The compact word card is a compromise between density and readability. A user should be able to read the chapter or verse without every word becoming a paragraph. For that reason, morphology is abbreviated in the card, while the popup expands it. Strong's or analogous lexical identifiers are visible quickly, while definitions and broader lexical notes are shown on demand. This design is especially important on mobile screens where space is limited.

Language-specific pronunciation rules

Pronunciation rules are not shared blindly across languages. Hebrew stress and vowel signs require one set of decisions. Greek pronunciation uses a documented Erasmian-style model with explicit choices for letters and diphthongs. Syriac may require eastern and western variants. Maqor should keep those rule sets separate because a single generic transliteration system would erase meaningful differences between the languages.

How generated data is treated

Generated data is useful, but it must be identified as generated.

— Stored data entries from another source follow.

(* Let $B$ be an integral domain containing $A$ as a subring, let $f:A\to B$ be $\mathbb{F}_q$-linear, and let $d\ge1$. Then in $\mathrm{Frac}(B)[z]$, $$(-1)^{d+1}\frac{L_{d+1}}{D_{d+1}}P_{d+1}(f)(z)-\alpha_{d+1,d}(f)\,e_d(z)=(-1)^d\frac{L_d}{D_d}P_d(f)(z).$$
   Context: $q$ is a power of a prime, $A=\mathbb{F}_q[\theta]$, $A_+(d)$ the monic polynomials of degree $d$, $A(d)$ the polynomials of degree $<d$ ($A(0)=\{0\}$). $D_d$ is the product of all monic polynomials of degree $d$, $L_d$ the lcm of all polynomials of degree $d$, $D_0=L_0=1$. $e_i(z):=\prod_{a\in A(i)}(z-a)$, a monic $\mathbb{F}_q$-linear polynomial of degree $q^i$. For $f:A\to B$, $M_d(f)(z):=\sum_{b\in A_+(d)} f(b)\prod_{a\in A_+(d)\setminus\{b\}}(z-a)$ and $P_d(f)(z):=M_d(f)(z)-M_d(f)(0)$; for $\mathbb{F}_q$-linear $f$ and $d\ge1$, $P_d(f)$ is an $\mathbb{F}_q$-linear polynomial of degree at most $q^{d-1}$, and the coefficients $\alpha_{d,i}(f)\in\mathrm{Frac}(B)$, $0\le i<d$, are defined by the unique expansion $(-1)^d\frac{L_d}{D_d}P_d(f)(z)=\sum_{i=0}^{d-1}\alpha_{d,i}(f)e_i(z)$. *)

theory Defs
  imports "HOL-Computational_Algebra.Computational_Algebra"
begin

text \<open>A = F_q[theta] is modelled as the type 'k poly with 'k a finite field.
 B is an integral domain 'b, containing A via an injective ring homomorphism iota.
 Frac(B) is 'b fract.\<close>

definition Adeg :: "nat \<Rightarrow> 'k::{field_gcd,finite} poly set" where
  "Adeg d = {p. p = 0 \<or> degree p < d}"

definition Amon :: "nat \<Rightarrow> 'k::{field_gcd,finite} poly set" where
  "Amon d = {p. lead_coeff p = 1 \<and> degree p = d}"

definition Dd :: "nat \<Rightarrow> 'k::{field_gcd,finite} poly" where
  "Dd d = (\<Prod>p\<in>Amon d. p)"

definition Ld :: "nat \<Rightarrow> 'k::{field_gcd,finite} poly" where
  "Ld d = (if d = 0 then 1 else Lcm {p. degree p = d})"

definition emb :: "('k::{field_gcd,finite} poly \<Rightarrow> 'b::idom) \<Rightarrow> 'k poly \<Rightarrow> 'b fract" where
  "emb \<iota> a = to_fract (\<iota> a)"

definition e_pol :: "('k::{field_gcd,finite} poly \<Rightarrow> 'b::idom) \<Rightarrow> nat \<Rightarrow> 'b fract poly" where
  "e_pol \<iota> i = (\<Prod>a\<in>Adeg i. [:- emb \<iota> a, 1:])"

definition M_pol :: "('k::{field_gcd,finite} poly \<Rightarrow> 'b::idom) \<Rightarrow> nat \<Rightarrow> ('k poly \<Rightarrow> 'b) \<Rightarrow> 'b fract poly" where
  "M_pol \<iota> d f = (\<Sum>b\<in>Amon d. smult (to_fract (f b)) (\<Prod>a\<in>Amon d - {b}. [:- emb \<iota> a, 1:]))"

definition P_pol :: "('k::{field_gcd,finite} poly \<Rightarrow> 'b::idom) \<Rightarrow> nat \<Rightarrow> ('k poly \<Rightarrow> 'b) \<Rightarrow> 'b fract poly" where
  "P_pol \<iota> d f = M_pol \<iota> d f - [:poly (M_pol \<iota> d f) 0:]"

definition nP_pol :: "('k::{field_gcd,finite} poly \<Rightarrow> 'b::idom) \<Rightarrow> nat \<Rightarrow> ('k poly \<Rightarrow> 'b) \<Rightarrow> 'b fract poly" where
  "nP_pol \<iota> d f = smult ((-1) ^ d * emb \<iota> (Ld d) / emb \<iota> (Dd d)) (P_pol \<iota> d f)"

definition alpha :: "('k::{field_gcd,finite} poly \<Rightarrow> 'b::idom) \<Rightarrow> nat \<Rightarrow> nat \<Rightarrow> ('k poly \<Rightarrow> 'b) \<Rightarrow> 'b fract" where
  "alpha \<iota> d i f = (THE c. (\<forall>j. d \<le> j \<longrightarrow> c j = 0) \<and>
      nP_pol \<iota> d f = (\<Sum>j<d. smult (c j) (e_pol \<iota> j))) i"

end

theory Submission
  imports Defs "HOL-Library.Cardinality"
begin

text \<open>
  Write \<open>N\<^sub>d = (-1)^d L\<^sub>d / D\<^sub>d \<cdot> P\<^sub>d(f)\<close>. Comparing multiplicities of monic irreducibles shows
  \<open>D\<^sub>d = L\<^sub>d \<Prod>\<^sub>j\<^sub><\<^sub>d D\<^sub>j^(q-1)\<close>, while pairing \<open>A(j+1) - A(j)\<close> with \<open>\<bbbF>\<^sub>q\<^sup>* \<times> A\<^sub>+(j)\<close> and Wilson's theorem
  for \<open>\<bbbF>\<^sub>q\<close> give \<open>\<Prod>(A(d) - {0}) = (-1)^d \<Prod>\<^sub>j\<^sub><\<^sub>d D\<^sub>j^(q-1)\<close>. So the normalising factor of \<open>N\<^sub>d\<close> is
  \<open>1 / \<Prod>(A(d) - {0})\<close>, which makes \<open>N\<^sub>d\<close>, up to its constant term, the Lagrange interpolant of
  \<open>f\<close> on the coset \<open>A\<^sub>+(d) = \<theta>^d + A(d)\<close>; additivity of \<open>f\<close> then shows that \<open>N\<^sub>d\<close> itself is the unique
  polynomial of degree \<open>< q^d\<close> interpolating \<open>f\<close> on \<open>A(d)\<close>.

  The \<open>e\<^sub>j\<close> are \<open>\<bbbF>\<^sub>q\<close>-linear and \<open>e\<^sub>j\<close> vanishes on \<open>A(j)\<close> but not at \<open>\<theta>^j\<close>. Hence the interpolant
  on \<open>A(n+1) = \<bbbF>\<^sub>q \<theta>^n + A(n)\<close> is obtained from the one on \<open>A(n)\<close> by adding a suitable multiple of
  \<open>e\<^sub>n\<close>, so the \<open>e\<close>-expansions of \<open>N\<^sub>d\<close> and \<open>N\<^sub>d\<^sub>+\<^sub>1\<close> agree except for the last term.
\<close>

section \<open>Finite fields\<close>

lemma finite_field_power_card:
  fixes x :: "'k::{field,finite}"
  shows "x ^ CARD('k) = x"
proof (cases "x = 0")
  case False
  \<comment> \<open>multiplication by \<open>x\<close> permutes the nonzero elements\<close>
  have "x * (\<Prod>y\<in>UNIV-{0}. x * y) = x * x ^ (CARD('k) - 1) * \<Prod>(UNIV-{0})"
    by (simp add: prod.distrib mult_ac)
  also have "x * x ^ (CARD('k) - 1) = x ^ Suc (CARD('k) - 1)"
    by (subst power_Suc) auto
  also have "Suc (CARD('k) - 1) = CARD('k)"
    using finite_UNIV_card_ge_0[where ?'a = 'k] by simp
  also have "(\<Prod>y\<in>UNIV-{0}. x * y) = (\<Prod>y\<in>UNIV-{0}. y)"
    by (rule prod.reindex_bij_witness[of _ "\<lambda>y. y / x" "\<lambda>y. x * y"]) (use False in auto)
  finally show ?thesis
    by simp
qed (use finite_UNIV_card_ge_0[where ?'a = 'k] in auto)

lemma finite_field_power_card_power:
  fixes x :: "'k::{field,finite}"
  shows "x ^ (CARD('k) ^ n) = x"
  by (induction n) (simp_all add: finite_field_power_card power_mult)

lemma card_finite_field_ge_2: "CARD('k::{field,finite}) \<ge> 2"
proof -
  have "card {0::'k, 1} \<le> CARD('k)"
    by (rule card_mono) auto
  thus ?thesis
    by simp
qed

lemma prod_linear_factors_finite_field:
  "(\<Prod>g\<in>UNIV. [:-g, 1:]) = monom 1 CARD('k) - [:0, 1::'k::{field,finite}:]"
  (is "?p = ?r")
proof (rule poly_eqI_degree_lead_coeff[where n = "CARD('k)" and A = UNIV])
  have deg: "degree ?p = CARD('k)"
    by (subst degree_prod_sum_eq) auto
  have lead: "lead_coeff ?p = 1"
    by (simp add: lead_coeff_prod)
  obtain m where m: "CARD('k) = Suc (Suc m)"
    using card_finite_field_ge_2[where 'k='k] by (metis add_2_eq_Suc le_Suc_ex)
  show "coeff ?p CARD('k) = coeff ?r CARD('k)"
    using lead deg m by simp
  show "degree ?p \<le> CARD('k)"
    using deg by simp
  show "degree ?r \<le> CARD('k)"
    using card_finite_field_ge_2[where 'k='k]
    by (intro order.trans[OF degree_diff_le_max]) (auto simp: degree_monom_eq)
  fix z :: 'k
  have "poly ?p z = 0"
    by (simp add: poly_prod prod_zero)
  thus "poly ?p z = poly ?r z"
    by (simp add: poly_monom finite_field_power_card)
qed simp

lemma prod_nonzero_finite_field: "(\<Prod>g\<in>UNIV - {0}. g) = (-1::'k::{field,finite})"
proof -
  let ?q = "CARD('k)" and ?h = "\<Prod>g\<in>UNIV - {0::'k}. [:-g, 1:]"
  have "[:0, 1:] * ?h = monom 1 ?q - [:0, 1:]"
    by (subst prod_linear_factors_finite_field[symmetric], subst prod.remove[where x = 0]) auto
  hence "coeff ([:0, 1:] * ?h) 1 = -1"
    using card_finite_field_ge_2[where 'k='k] by simp
  hence "poly ?h 0 = -1"
    by (simp add: poly_0_coeff_0)
  hence "(\<Prod>g\<in>UNIV - {0::'k}. - g) = -1"
    by (simp add: poly_prod)
  hence "(-1) ^ (?q - 1) * (\<Prod>g\<in>UNIV - {0::'k}. g) = -1"
    by (simp add: prod_uminus card_Diff_singleton_if)
  moreover have "(-1::'k) ^ (?q - 1) = 1"
  proof -
    have "(-1::'k) ^ (?q - 1) * (-1) = -1"
      using finite_field_power_card[of "-1::'k"] card_finite_field_ge_2[where 'k='k]
      by (metis Suc_diff_1 less_le_trans pos2 power_Suc2)
    thus ?thesis
      by simp
  qed
  ultimately show ?thesis
    by simp
qed

section \<open>The sets \<open>A(n)\<close> and \<open>A\<^sub>+(n)\<close>\<close>

lemma Adeg_iff_coeff: "(a :: 'k::{field_gcd,finite} poly) \<in> Adeg n \<longleftrightarrow> (\<forall>k\<ge>n. coeff a k = 0)"
proof
  assume "a \<in> Adeg n"
  thus "\<forall>k\<ge>n. coeff a k = 0"
    by (auto simp: Adeg_def coeff_eq_0)
next
  assume "\<forall>k\<ge>n. coeff a k = 0"
  thus "a \<in> Adeg n"
    using degree_lessI[of a n] by (cases "a = 0") (auto simp: Adeg_def)
qed

lemma Amon_iff_coeff: "(a :: 'k::{field_gcd,finite} poly) \<in> Amon n \<longleftrightarrow> coeff a n = 1 \<and> (\<forall>k>n. coeff a k = 0)"
proof
  assume "a \<in> Amon n"
  thus "coeff a n = 1 \<and> (\<forall>k>n. coeff a k = 0)"
    by (auto simp: Amon_def coeff_eq_0)
next
  assume h: "coeff a n = 1 \<and> (\<forall>k>n. coeff a k = 0)"
  hence "degree a = n"
    by (intro antisym degree_le le_degree) auto
  thus "a \<in> Amon n"
    using h by (simp add: Amon_def)
qed

lemma
  fixes a b :: "'k::{field_gcd,finite} poly"
  shows Adeg_add: "a \<in> Adeg n \<Longrightarrow> b \<in> Adeg n \<Longrightarrow> a + b \<in> Adeg n"
    and Adeg_diff: "a \<in> Adeg n \<Longrightarrow> b \<in> Adeg n \<Longrightarrow> a - b \<in> Adeg n"
    and Adeg_smult: "a \<in> Adeg n \<Longrightarrow> smult c a \<in> Adeg n"
    and Adeg_Suc: "a \<in> Adeg n \<Longrightarrow> a \<in> Adeg (Suc n)"
    and Adeg_Suc_minus_monom: "a \<in> Adeg (Suc n) \<Longrightarrow> a - smult (coeff a n) (monom 1 n) \<in> Adeg n"
    and Amon_add_Adeg: "a \<in> Amon n \<Longrightarrow> b \<in> Adeg n \<Longrightarrow> a + b \<in> Amon n"
    and Amon_diff_Adeg: "a \<in> Amon n \<Longrightarrow> b \<in> Adeg n \<Longrightarrow> a - b \<in> Amon n"
    and Amon_nonzero: "a \<in> Amon n \<Longrightarrow> a \<noteq> 0"
  by (auto simp: Adeg_iff_coeff Amon_iff_coeff)

lemma Amon_diff_Amon:
  "(a :: 'k::{field_gcd,finite} poly) \<in> Amon n \<Longrightarrow> b \<in> Amon n \<Longrightarrow> a - b \<in> Adeg n"
  by (auto simp: Amon_iff_coeff Adeg_iff_coeff) (metis le_neq_implies_less)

IPA, compact morphology codes, normalized lemma displays, and translation alignments can all involve project logic. If a generated field is wrong, the correction may not require changing the source text. It may require changing the transformation rule. This distinction helps keep source data stable while improving the interface over time.

How this supports future interpretation discussion

The future forum-style layer depends on this methodology. If users are going to debate interpretations, they need stable references to the underlying data. A discussion about a verb form should be able to point to the surface token, morphology, lemma, source, and translation support. Without that structure, the conversation becomes detached from the text. Maqor's methodology is therefore not only technical; it prepares the ground for accountable discussion.